YOUR GOAL — Copy nothing from the entries below except the lines from the one containing "by (intro has_sum_integral_reflection_pairs cont)" through the one containing "k * cosh y))", and copy those exactly.

Stored entries
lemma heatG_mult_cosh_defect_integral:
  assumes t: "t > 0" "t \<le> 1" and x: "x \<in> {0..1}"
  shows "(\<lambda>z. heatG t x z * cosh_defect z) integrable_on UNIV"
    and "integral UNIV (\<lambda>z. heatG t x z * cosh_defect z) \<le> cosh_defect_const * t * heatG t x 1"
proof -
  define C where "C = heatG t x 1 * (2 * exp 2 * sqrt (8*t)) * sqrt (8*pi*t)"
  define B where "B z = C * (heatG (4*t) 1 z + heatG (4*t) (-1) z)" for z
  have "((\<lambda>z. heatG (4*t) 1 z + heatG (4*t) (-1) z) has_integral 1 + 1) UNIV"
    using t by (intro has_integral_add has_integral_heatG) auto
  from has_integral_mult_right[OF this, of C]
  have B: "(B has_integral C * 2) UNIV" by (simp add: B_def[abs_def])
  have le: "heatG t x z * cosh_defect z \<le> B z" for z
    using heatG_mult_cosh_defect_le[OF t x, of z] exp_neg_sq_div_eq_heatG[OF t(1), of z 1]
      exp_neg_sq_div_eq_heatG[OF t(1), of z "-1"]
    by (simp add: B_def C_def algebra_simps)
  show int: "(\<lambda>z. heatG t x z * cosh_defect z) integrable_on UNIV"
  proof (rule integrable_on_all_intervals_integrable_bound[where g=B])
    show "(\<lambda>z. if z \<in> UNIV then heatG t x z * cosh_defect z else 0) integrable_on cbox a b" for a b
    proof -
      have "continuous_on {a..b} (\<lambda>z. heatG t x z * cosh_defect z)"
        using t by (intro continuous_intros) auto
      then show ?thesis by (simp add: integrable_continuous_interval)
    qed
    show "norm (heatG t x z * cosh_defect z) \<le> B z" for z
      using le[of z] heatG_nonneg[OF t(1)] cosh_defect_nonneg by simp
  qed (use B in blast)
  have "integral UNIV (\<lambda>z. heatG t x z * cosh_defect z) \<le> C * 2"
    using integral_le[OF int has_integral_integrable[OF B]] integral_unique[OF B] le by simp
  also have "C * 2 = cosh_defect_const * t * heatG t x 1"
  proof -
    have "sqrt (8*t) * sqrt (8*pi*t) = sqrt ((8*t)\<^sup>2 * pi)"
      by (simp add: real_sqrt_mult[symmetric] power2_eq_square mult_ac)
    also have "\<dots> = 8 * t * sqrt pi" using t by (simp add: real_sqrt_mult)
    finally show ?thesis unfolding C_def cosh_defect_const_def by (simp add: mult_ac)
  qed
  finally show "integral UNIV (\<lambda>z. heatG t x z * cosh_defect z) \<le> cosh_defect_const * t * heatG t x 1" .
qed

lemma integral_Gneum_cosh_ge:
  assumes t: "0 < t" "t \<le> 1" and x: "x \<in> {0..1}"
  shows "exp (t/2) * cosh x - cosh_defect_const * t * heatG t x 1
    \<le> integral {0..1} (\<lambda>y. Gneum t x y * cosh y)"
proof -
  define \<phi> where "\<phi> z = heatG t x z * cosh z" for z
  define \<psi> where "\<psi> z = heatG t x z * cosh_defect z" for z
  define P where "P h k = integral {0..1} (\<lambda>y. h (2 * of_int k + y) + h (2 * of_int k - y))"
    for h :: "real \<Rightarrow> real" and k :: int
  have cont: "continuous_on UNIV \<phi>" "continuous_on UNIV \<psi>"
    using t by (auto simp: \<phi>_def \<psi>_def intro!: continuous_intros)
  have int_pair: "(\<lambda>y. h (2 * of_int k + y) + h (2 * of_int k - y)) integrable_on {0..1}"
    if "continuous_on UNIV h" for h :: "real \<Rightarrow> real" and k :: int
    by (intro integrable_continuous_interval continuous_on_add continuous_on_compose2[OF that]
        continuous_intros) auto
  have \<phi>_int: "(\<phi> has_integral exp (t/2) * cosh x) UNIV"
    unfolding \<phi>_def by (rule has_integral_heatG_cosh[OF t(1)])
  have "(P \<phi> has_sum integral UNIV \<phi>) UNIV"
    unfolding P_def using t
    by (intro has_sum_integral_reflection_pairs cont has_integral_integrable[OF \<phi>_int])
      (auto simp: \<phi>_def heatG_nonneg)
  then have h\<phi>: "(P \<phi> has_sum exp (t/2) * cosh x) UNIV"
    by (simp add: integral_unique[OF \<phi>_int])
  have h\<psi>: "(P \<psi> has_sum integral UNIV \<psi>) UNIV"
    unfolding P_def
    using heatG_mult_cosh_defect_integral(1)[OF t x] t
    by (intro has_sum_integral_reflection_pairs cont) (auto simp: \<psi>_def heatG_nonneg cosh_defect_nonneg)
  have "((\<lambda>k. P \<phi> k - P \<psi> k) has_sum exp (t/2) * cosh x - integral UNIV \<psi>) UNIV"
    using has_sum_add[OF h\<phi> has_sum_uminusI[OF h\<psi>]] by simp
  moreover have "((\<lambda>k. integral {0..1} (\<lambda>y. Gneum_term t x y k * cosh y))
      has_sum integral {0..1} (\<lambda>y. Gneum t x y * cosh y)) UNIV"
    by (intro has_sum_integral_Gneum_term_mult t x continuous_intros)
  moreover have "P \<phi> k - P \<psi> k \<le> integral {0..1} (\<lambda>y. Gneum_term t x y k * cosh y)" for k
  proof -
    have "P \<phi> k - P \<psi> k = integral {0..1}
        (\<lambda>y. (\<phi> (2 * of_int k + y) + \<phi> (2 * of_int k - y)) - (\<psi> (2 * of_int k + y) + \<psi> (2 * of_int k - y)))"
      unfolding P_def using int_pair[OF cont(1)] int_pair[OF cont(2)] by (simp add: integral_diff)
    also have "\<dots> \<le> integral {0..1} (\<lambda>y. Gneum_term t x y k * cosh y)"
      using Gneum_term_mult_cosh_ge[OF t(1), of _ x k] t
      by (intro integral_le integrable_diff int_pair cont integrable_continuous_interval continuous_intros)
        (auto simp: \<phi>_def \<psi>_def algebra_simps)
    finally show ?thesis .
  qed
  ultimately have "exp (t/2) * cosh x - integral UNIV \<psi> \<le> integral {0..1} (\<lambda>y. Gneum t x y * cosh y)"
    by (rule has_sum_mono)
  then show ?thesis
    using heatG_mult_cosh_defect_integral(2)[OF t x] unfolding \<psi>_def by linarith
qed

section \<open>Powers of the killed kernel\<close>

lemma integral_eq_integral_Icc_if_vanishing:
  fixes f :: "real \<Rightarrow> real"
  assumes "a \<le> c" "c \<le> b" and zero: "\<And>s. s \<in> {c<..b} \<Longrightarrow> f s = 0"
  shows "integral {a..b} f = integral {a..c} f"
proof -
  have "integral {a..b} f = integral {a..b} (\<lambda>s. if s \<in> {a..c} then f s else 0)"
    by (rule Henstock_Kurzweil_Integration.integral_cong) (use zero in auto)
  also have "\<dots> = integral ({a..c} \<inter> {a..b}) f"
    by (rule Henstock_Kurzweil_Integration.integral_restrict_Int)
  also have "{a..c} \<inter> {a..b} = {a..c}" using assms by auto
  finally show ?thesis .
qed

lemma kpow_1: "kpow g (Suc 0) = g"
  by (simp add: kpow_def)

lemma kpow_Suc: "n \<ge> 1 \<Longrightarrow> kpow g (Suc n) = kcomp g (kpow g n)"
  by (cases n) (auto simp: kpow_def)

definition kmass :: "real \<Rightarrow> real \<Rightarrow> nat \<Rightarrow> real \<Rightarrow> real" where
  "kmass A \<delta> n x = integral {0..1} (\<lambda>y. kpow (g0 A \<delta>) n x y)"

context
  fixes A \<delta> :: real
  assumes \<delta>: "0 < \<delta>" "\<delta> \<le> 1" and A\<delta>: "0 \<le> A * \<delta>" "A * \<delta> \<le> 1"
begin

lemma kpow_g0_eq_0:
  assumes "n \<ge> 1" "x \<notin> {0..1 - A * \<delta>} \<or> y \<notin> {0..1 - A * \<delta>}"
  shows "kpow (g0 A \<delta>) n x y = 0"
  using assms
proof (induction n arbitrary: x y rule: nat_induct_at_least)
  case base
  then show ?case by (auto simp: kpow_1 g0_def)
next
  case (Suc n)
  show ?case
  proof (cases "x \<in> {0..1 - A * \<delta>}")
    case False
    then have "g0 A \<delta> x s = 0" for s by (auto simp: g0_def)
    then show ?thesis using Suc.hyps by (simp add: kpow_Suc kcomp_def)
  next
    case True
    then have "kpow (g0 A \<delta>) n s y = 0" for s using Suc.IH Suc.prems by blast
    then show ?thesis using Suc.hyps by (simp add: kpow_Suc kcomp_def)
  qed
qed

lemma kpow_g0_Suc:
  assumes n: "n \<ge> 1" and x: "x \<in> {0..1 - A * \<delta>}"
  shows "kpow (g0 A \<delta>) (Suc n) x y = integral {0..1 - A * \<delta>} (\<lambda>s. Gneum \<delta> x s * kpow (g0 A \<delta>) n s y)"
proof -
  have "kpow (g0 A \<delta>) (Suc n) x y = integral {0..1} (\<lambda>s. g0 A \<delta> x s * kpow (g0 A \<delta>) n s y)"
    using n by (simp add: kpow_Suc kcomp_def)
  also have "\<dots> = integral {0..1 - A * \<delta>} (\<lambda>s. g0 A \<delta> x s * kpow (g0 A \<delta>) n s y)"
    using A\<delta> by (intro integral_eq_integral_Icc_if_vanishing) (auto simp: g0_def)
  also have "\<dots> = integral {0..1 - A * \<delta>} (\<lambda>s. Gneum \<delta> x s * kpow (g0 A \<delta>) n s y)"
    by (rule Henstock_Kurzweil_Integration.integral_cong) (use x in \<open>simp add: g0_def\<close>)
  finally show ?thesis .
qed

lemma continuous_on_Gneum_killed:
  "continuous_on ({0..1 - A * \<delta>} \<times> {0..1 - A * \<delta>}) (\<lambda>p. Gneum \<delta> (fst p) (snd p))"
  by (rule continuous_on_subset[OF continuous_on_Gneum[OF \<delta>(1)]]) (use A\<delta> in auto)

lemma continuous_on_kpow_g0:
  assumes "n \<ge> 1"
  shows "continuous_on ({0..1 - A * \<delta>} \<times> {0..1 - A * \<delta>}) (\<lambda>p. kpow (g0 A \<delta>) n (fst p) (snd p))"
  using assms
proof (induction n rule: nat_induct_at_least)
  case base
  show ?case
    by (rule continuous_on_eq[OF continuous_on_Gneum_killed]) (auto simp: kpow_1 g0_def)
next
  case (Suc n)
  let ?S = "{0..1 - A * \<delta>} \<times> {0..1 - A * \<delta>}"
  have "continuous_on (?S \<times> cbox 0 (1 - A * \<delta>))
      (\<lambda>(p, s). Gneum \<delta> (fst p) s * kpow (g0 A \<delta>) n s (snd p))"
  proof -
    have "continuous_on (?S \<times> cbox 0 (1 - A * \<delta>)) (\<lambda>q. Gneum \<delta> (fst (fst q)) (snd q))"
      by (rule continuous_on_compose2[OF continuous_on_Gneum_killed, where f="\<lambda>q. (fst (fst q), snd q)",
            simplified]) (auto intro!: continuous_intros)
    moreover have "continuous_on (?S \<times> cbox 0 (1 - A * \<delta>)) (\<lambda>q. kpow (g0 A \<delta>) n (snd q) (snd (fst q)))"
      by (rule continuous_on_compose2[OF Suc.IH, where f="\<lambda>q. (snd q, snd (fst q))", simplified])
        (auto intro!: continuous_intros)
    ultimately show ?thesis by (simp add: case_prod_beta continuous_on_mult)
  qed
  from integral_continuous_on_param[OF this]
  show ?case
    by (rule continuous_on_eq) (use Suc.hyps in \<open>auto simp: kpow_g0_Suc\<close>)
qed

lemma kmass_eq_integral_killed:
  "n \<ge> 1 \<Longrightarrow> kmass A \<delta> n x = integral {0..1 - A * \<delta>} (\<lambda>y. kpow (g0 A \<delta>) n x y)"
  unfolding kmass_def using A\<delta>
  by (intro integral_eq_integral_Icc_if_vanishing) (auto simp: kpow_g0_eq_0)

* * *

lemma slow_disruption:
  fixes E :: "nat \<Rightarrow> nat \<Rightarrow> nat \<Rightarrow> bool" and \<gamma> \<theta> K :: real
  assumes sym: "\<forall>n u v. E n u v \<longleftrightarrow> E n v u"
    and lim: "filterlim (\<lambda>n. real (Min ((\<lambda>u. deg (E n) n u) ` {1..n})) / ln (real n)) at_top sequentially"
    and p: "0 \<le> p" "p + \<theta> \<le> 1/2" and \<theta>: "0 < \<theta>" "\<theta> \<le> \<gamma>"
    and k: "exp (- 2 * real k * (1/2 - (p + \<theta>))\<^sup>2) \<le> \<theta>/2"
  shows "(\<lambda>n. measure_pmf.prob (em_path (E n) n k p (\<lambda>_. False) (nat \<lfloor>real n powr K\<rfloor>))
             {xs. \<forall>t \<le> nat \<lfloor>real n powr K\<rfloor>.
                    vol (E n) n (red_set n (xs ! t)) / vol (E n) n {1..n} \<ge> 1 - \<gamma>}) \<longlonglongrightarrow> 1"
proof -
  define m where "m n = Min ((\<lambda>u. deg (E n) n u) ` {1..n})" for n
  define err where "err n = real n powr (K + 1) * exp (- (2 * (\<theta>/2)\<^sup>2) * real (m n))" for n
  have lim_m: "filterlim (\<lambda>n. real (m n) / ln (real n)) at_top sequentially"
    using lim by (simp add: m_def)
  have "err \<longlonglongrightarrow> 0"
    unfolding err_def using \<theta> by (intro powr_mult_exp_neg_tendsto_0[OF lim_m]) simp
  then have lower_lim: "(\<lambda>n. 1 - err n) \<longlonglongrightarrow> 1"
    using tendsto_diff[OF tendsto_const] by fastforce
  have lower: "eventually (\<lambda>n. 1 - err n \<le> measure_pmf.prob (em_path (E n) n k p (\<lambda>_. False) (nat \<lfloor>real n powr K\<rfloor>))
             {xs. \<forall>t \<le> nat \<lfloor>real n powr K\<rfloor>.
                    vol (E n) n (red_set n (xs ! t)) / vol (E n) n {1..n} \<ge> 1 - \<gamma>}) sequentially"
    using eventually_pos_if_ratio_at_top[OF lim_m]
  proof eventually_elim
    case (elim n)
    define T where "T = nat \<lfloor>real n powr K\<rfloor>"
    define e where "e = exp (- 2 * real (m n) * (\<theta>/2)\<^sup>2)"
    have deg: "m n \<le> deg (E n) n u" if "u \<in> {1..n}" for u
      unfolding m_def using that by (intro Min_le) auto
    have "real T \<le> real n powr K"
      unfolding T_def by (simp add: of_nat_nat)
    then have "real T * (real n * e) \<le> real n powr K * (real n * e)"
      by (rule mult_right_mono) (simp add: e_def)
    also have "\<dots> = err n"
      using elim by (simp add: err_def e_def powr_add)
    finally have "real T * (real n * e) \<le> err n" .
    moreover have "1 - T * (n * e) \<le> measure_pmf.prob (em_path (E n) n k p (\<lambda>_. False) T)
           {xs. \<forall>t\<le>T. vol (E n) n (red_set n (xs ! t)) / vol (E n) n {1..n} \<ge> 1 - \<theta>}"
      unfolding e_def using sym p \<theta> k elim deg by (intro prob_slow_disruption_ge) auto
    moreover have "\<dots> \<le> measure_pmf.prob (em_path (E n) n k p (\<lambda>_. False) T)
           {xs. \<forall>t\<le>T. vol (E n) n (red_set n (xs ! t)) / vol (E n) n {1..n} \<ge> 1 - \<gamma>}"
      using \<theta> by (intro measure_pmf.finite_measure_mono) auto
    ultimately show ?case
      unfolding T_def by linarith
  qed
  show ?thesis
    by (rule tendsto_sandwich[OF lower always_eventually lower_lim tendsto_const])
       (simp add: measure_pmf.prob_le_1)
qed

* * *

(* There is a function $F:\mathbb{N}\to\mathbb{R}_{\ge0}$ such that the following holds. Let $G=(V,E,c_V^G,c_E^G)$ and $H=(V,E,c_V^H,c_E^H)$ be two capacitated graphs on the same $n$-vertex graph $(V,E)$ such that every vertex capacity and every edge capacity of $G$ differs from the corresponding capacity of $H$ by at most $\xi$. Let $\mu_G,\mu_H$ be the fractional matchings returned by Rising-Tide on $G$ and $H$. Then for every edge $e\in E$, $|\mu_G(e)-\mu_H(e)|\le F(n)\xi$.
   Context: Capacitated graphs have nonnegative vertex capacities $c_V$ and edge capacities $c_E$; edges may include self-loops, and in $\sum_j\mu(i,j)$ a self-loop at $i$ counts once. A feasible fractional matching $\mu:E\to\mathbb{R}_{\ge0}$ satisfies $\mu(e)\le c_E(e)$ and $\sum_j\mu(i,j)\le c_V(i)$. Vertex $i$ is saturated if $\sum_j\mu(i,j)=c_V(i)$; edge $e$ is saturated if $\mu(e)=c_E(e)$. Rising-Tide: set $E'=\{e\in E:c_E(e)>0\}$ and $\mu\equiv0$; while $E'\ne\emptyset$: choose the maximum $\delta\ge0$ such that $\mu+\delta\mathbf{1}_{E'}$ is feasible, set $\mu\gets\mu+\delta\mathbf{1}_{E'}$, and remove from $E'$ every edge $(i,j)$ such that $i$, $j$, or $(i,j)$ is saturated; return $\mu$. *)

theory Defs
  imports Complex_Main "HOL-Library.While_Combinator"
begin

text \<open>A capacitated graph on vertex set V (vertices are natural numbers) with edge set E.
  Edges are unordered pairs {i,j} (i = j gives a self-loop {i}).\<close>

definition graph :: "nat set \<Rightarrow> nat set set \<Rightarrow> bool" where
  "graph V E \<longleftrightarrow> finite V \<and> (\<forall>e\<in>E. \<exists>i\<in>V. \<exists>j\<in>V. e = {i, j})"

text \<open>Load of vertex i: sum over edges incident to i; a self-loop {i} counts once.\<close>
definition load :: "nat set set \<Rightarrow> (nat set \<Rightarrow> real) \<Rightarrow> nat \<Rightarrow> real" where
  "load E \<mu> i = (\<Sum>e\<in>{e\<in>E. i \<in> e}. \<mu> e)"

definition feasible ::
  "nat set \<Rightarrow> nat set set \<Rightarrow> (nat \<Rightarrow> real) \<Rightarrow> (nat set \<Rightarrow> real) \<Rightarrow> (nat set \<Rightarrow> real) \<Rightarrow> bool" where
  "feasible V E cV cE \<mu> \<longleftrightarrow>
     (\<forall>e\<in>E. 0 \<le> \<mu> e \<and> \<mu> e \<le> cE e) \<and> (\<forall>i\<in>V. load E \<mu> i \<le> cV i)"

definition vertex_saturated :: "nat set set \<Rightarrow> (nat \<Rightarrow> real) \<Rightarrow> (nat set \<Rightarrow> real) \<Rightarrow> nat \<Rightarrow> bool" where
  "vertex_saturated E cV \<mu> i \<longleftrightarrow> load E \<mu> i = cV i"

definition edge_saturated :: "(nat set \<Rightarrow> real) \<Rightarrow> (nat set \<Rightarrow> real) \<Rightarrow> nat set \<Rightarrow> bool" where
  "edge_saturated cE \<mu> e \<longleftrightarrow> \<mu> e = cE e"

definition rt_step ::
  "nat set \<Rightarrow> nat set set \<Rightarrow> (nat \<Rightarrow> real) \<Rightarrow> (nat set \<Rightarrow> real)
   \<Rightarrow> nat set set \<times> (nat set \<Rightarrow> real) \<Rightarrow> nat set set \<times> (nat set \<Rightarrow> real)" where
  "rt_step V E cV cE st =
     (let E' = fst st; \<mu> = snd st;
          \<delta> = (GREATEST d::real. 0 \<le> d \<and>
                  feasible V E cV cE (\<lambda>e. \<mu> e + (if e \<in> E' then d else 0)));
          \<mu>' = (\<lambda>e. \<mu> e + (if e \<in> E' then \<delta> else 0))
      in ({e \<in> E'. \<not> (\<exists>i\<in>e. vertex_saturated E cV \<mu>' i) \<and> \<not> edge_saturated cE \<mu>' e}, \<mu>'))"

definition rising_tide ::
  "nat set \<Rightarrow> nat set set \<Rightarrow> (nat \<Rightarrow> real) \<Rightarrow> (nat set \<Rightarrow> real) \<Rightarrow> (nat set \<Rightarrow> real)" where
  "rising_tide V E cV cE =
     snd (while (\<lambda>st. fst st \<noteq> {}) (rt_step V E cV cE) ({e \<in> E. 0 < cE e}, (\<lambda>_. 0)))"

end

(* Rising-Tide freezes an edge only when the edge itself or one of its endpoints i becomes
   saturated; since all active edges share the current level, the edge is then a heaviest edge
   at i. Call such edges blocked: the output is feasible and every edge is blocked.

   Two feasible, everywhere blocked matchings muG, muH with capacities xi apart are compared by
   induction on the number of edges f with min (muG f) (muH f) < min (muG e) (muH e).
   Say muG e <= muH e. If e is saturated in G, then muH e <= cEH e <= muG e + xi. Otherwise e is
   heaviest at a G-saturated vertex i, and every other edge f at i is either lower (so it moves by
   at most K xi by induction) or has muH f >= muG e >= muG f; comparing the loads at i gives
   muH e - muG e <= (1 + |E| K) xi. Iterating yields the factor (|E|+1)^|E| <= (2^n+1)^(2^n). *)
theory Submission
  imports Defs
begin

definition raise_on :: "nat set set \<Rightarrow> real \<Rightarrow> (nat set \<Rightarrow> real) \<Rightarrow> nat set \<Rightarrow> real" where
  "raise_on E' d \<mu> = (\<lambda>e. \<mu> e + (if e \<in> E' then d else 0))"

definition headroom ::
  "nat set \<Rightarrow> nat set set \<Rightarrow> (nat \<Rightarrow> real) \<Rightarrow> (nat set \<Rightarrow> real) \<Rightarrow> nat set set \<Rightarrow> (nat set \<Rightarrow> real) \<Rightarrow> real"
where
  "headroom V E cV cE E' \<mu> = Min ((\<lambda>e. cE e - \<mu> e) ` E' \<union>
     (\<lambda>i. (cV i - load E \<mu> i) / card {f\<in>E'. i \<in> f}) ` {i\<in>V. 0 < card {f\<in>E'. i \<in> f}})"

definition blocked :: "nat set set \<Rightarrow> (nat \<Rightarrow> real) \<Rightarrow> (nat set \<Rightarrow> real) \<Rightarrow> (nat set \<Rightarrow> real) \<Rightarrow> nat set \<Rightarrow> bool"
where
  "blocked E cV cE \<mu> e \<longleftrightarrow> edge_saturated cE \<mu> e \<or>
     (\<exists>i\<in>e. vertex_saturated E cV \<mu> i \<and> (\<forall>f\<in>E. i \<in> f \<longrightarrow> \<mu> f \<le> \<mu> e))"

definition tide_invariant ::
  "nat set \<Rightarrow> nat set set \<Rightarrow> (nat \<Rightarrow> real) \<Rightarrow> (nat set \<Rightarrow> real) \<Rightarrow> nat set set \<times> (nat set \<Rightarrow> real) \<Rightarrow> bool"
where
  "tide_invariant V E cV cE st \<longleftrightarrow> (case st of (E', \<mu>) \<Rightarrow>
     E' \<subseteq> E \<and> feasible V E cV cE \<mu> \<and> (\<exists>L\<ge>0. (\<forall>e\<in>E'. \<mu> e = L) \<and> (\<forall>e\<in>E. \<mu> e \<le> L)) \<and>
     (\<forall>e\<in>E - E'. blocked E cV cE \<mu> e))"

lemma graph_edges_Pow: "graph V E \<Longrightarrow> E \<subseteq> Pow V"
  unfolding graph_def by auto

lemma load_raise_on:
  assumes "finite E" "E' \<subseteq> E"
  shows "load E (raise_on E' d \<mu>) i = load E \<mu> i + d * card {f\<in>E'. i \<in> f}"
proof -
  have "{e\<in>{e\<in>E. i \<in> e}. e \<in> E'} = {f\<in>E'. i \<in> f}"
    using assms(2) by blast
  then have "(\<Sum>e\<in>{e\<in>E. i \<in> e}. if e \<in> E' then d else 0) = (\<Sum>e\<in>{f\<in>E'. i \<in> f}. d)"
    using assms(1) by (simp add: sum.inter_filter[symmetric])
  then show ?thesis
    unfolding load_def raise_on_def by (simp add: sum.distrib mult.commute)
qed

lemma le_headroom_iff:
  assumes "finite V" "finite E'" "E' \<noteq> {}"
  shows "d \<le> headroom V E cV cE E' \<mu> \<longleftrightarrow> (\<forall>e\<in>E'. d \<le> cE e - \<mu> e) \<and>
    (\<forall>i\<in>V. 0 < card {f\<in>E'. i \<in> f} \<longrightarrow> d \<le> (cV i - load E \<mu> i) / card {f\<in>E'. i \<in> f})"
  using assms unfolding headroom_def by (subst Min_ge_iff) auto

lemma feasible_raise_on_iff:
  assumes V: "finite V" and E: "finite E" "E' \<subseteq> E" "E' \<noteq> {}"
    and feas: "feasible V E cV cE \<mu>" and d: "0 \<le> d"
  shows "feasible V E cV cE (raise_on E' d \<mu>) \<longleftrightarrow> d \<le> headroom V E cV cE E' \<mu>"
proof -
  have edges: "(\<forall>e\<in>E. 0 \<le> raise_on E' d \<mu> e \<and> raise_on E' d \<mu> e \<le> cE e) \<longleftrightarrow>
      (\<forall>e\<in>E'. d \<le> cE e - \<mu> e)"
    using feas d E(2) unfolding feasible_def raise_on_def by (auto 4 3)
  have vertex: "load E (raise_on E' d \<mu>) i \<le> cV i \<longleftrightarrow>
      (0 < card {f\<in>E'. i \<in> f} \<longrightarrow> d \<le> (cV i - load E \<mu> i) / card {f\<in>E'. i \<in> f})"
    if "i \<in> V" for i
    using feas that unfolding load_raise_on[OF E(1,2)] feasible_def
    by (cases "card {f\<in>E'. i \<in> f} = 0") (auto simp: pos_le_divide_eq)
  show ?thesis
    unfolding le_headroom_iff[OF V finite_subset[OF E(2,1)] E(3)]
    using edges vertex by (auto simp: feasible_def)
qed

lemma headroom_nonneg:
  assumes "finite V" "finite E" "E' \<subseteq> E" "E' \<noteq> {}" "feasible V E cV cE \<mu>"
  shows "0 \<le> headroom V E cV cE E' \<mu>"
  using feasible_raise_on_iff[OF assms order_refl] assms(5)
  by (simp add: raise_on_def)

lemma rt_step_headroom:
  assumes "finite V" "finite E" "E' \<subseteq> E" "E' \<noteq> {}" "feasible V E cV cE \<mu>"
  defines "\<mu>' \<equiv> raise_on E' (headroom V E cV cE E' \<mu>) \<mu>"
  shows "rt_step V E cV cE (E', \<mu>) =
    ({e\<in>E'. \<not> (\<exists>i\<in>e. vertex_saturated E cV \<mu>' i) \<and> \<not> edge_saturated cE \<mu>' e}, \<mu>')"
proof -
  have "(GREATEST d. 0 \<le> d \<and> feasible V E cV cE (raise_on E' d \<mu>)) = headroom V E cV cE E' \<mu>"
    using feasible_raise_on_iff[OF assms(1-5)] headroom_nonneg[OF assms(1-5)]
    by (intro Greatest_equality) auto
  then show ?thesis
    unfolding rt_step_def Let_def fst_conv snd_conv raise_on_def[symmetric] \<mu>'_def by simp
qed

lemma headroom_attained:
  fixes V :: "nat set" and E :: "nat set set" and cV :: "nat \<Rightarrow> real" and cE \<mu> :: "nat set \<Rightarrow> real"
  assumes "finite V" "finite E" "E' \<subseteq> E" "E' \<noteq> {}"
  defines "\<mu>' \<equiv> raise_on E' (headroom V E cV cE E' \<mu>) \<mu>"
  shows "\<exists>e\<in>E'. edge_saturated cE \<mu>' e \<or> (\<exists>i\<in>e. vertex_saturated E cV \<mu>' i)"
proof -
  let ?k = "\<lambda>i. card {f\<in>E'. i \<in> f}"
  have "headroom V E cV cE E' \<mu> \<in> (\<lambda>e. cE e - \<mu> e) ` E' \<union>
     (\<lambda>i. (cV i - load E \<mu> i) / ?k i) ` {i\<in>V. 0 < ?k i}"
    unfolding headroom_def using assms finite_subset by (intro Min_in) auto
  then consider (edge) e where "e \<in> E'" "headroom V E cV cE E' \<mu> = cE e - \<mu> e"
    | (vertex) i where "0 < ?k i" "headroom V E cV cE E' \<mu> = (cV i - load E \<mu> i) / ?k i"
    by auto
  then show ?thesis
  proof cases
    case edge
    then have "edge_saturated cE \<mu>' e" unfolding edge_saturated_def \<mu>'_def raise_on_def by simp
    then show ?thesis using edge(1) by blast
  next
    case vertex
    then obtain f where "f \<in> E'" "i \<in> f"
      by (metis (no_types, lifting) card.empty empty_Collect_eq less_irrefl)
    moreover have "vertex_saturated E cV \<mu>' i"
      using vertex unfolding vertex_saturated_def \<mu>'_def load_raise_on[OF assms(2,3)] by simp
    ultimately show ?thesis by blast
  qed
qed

RESULT OF THE TASK —
    by (intro has_sum_integral_reflection_pairs cont) (auto simp: \<psi>_def heatG_nonneg cosh_defect_nonneg)
  have "((\<lambda>k. P \<phi> k - P \<psi> k) has_sum exp (t/2) * cosh x - integral UNIV \<psi>) UNIV"
    using has_sum_add[OF h\<phi> has_sum_uminusI[OF h\<psi>]] by simp
  moreover have "((\<lambda>k. integral {0..1} (\<lambda>y. Gneum_term t x y k * cosh y))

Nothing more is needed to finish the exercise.